Daarnaast speelt Keisse een belangrijke rol in de evolutie van Remco Evenepoel. Hij probeert zijn jarenlange ervaring door te geven aan de jonge snaak. Tijdens stages en koersen zijn beide renners vaste kamergenoten. Zo ook bij de eerste grote ronde van Remco, de Giro in 2021. Daarnaast beschermt Keisse Evenepoel richting de buitenwereld. Met kleine tips brengt hij de Vlaams-Brabander ook naast de fiets veel bij. Remco heeft in Keisse een vertrouwenspersoon gevonden.
In a few months, the Ghent native will retire as a professional cyclist. Despite some difficult periods Keisse looks back on a successful career. "I think I have achieved the most I could. Even more than some people ever imagined." One dream remains for him. "I would like to finish well in Ghent. In the Six Days I want to go for a win one last time with a good teammate." A beautiful farewell he will undoubtedly get, but with a victory 't Kuipke will really shake on its foundations. Remember Kenny De Ketele last year.
A farewell as a rider does not mean a farewell to the world of cycling for Keisse. As of 2023, the man from Ghent will work as a sport director at Quick-Step Alpha Vinyl and will contribute to the rejuvenation of the staff. "I know all the riders and everyone knows me.
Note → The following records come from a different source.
definition L2_adj :: "'e set \<Rightarrow> ('e \<Rightarrow> 'v set) \<Rightarrow> 'e \<Rightarrow> 'e \<Rightarrow> bool" where
  "L2_adj E inc e e' \<longleftrightarrow> e \<in> E \<and> e' \<in> E \<and> e \<noteq> e' \<and> card (inc e \<inter> inc e') = 2"

definition L2_connected :: "'e set \<Rightarrow> ('e \<Rightarrow> 'v set) \<Rightarrow> bool" where
  "L2_connected E inc \<longleftrightarrow> E \<noteq> {} \<and>
     (\<forall>e\<in>E. \<forall>e'\<in>E. (e, e') \<in> {(a, b). L2_adj E inc a b}\<^sup>*)"

end

theory Submission
  imports Defs
begin

text \<open>
  Choose in every edge e two of its three vertices, p e. A closed trail of the multigraph in
  which e joins the two vertices of p e is a closed strict trail of H, so it suffices to find p
  with all degrees even and a closed trail of this multigraph using every edge.

  Write p e = e - {u e}. All degrees are even iff u leaves out every vertex v an odd number of
  times exactly when deg v is odd. Such a u is built edge by edge, adding each time an edge
  that shares two vertices with an earlier one (possible as L_2(H) is connected): the vertex
  left out of the new edge repairs the parity at its (at most one) new vertex and at one
  exceptional vertex. Since there are no pendant vertices, the exceptional vertex can always be
  kept on an edge that is still to come.

  Now take a longest closed trail over all such p. If it misses an edge, some missed edge f
  shares two vertices with an edge g of the trail. The missed edges still have even degrees, so
  f lies on a closed trail C of missed edges. If C meets the trail, splice the two; otherwise
  exchange the pairs of f and g inside their two common vertices: this keeps all degrees and
  merges the trail with C.
\<close>

definition vertices_of :: "'e set \<Rightarrow> ('e \<Rightarrow> 'v set) \<Rightarrow> 'v set" where
  "vertices_of S inc = \<Union> (inc ` S)"
lemma net_flow_eq_sum:
  fixes s :: "'e \<Rightarrow> 'a::ring_1"
  assumes "finite E"
  shows "net_flow E head tail s x = (\<Sum>i\<in>E. s i * (of_bool (head i = x) - of_bool (tail i = x)))"
proof -
  have "(\<Sum>i\<in>{i\<in>E. P i}. s i) = (\<Sum>i\<in>E. s i * of_bool (P i))" for P
    unfolding sum.inter_filter[OF assms] by (intro sum.cong) auto
  then show ?thesis
    by (simp add: net_flow_def right_diff_distrib sum_subtractf)
qed

lemma net_flow_cong:
  "(\<And>i. i \<in> E \<Longrightarrow> s i = s' i) \<Longrightarrow> net_flow E head tail s x = net_flow E head tail s' x"
  unfolding net_flow_def by (intro arg_cong2[where f = "(-)"] sum.cong) auto

lemma kirchhoff_law_cong:
  "(\<And>i. i \<in> E \<Longrightarrow> s i = s' i) \<Longrightarrow> kirchhoff_law E V head tail s = kirchhoff_law E V head tail s'"
  unfolding kirchhoff_law_def using net_flow_cong by metis

lemma net_flow_remove:
  fixes s :: "'e \<Rightarrow> 'a::ring_1"
  assumes "finite E" "e \<in> E"
  shows "net_flow E head tail s x =
    s e * (of_bool (head e = x) - of_bool (tail e = x)) + net_flow (E - {e}) head tail s x"
  using assms by (simp add: net_flow_eq_sum sum.remove)

lemma endpoint_sign:
  assumes "{head e, tail e} = {p, q}" "p \<noteq> q"
  shows "of_bool (head e = p) - of_bool (tail e = p) = (1::'a::ring_1) \<or>
    of_bool (head e = p) - of_bool (tail e = p) = (-1::'a)"
  using assms by (auto simp: doubleton_eq_iff)

text \<open>Contracting an edge between p and q moves all edge ends at p to q.\<close>

definition redirect :: "'v \<Rightarrow> 'v \<Rightarrow> ('e \<Rightarrow> 'v) \<Rightarrow> 'e \<Rightarrow> 'v" where
  "redirect p q f i = (if f i = p then q else f i)"

lemma net_flow_contract:
  fixes s :: "'e \<Rightarrow> 'a::ring_1"
  assumes "finite E" "e \<in> E" "{head e, tail e} = {p, q}" "p \<noteq> q" "x \<noteq> p"
  shows "net_flow (E - {e}) (redirect p q head) (redirect p q tail) s x =
    net_flow E head tail s x + (if x = q then net_flow E head tail s p else 0)"
proof -
  have redirect_ind: "of_bool (redirect p q f i = x) =
      of_bool (f i = x) + (if x = q then of_bool (f i = p) else (0::'a))" for f and i
    using assms(4,5) by (auto simp: redirect_def)
  let ?w = "\<lambda>y i. s i * (of_bool (head i = y) - of_bool (tail i = y))"
  have "net_flow (E - {e}) (redirect p q head) (redirect p q tail) s x =
      (\<Sum>i\<in>E - {e}. ?w x i + (if x = q then ?w p i else 0))"
    unfolding net_flow_eq_sum[OF finite_Diff[OF assms(1)]] redirect_ind
    by (intro sum.cong) (simp_all add: algebra_simps)
  also have "\<dots> = (\<Sum>i\<in>E. ?w x i + (if x = q then ?w p i else 0))"
    using assms by (subst (2) sum.remove[of _ e]) auto
  also have "\<dots> = net_flow E head tail s x + (if x = q then net_flow E head tail s p else 0)"
    using assms(1) by (simp add: net_flow_eq_sum sum.distrib)
  finally show ?thesis .
qed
My role as road captain, which I have fulfilled in recent years, is somewhat similar to the role of team leader. I get on well with young riders and have experienced a lot over the years. I also know a lot of people outside the team, which is definitely an advantage as a team leader. Moreover, it is an easy transition after my active career. But first I will work hard as a rider until December 1st," Keisse concludes.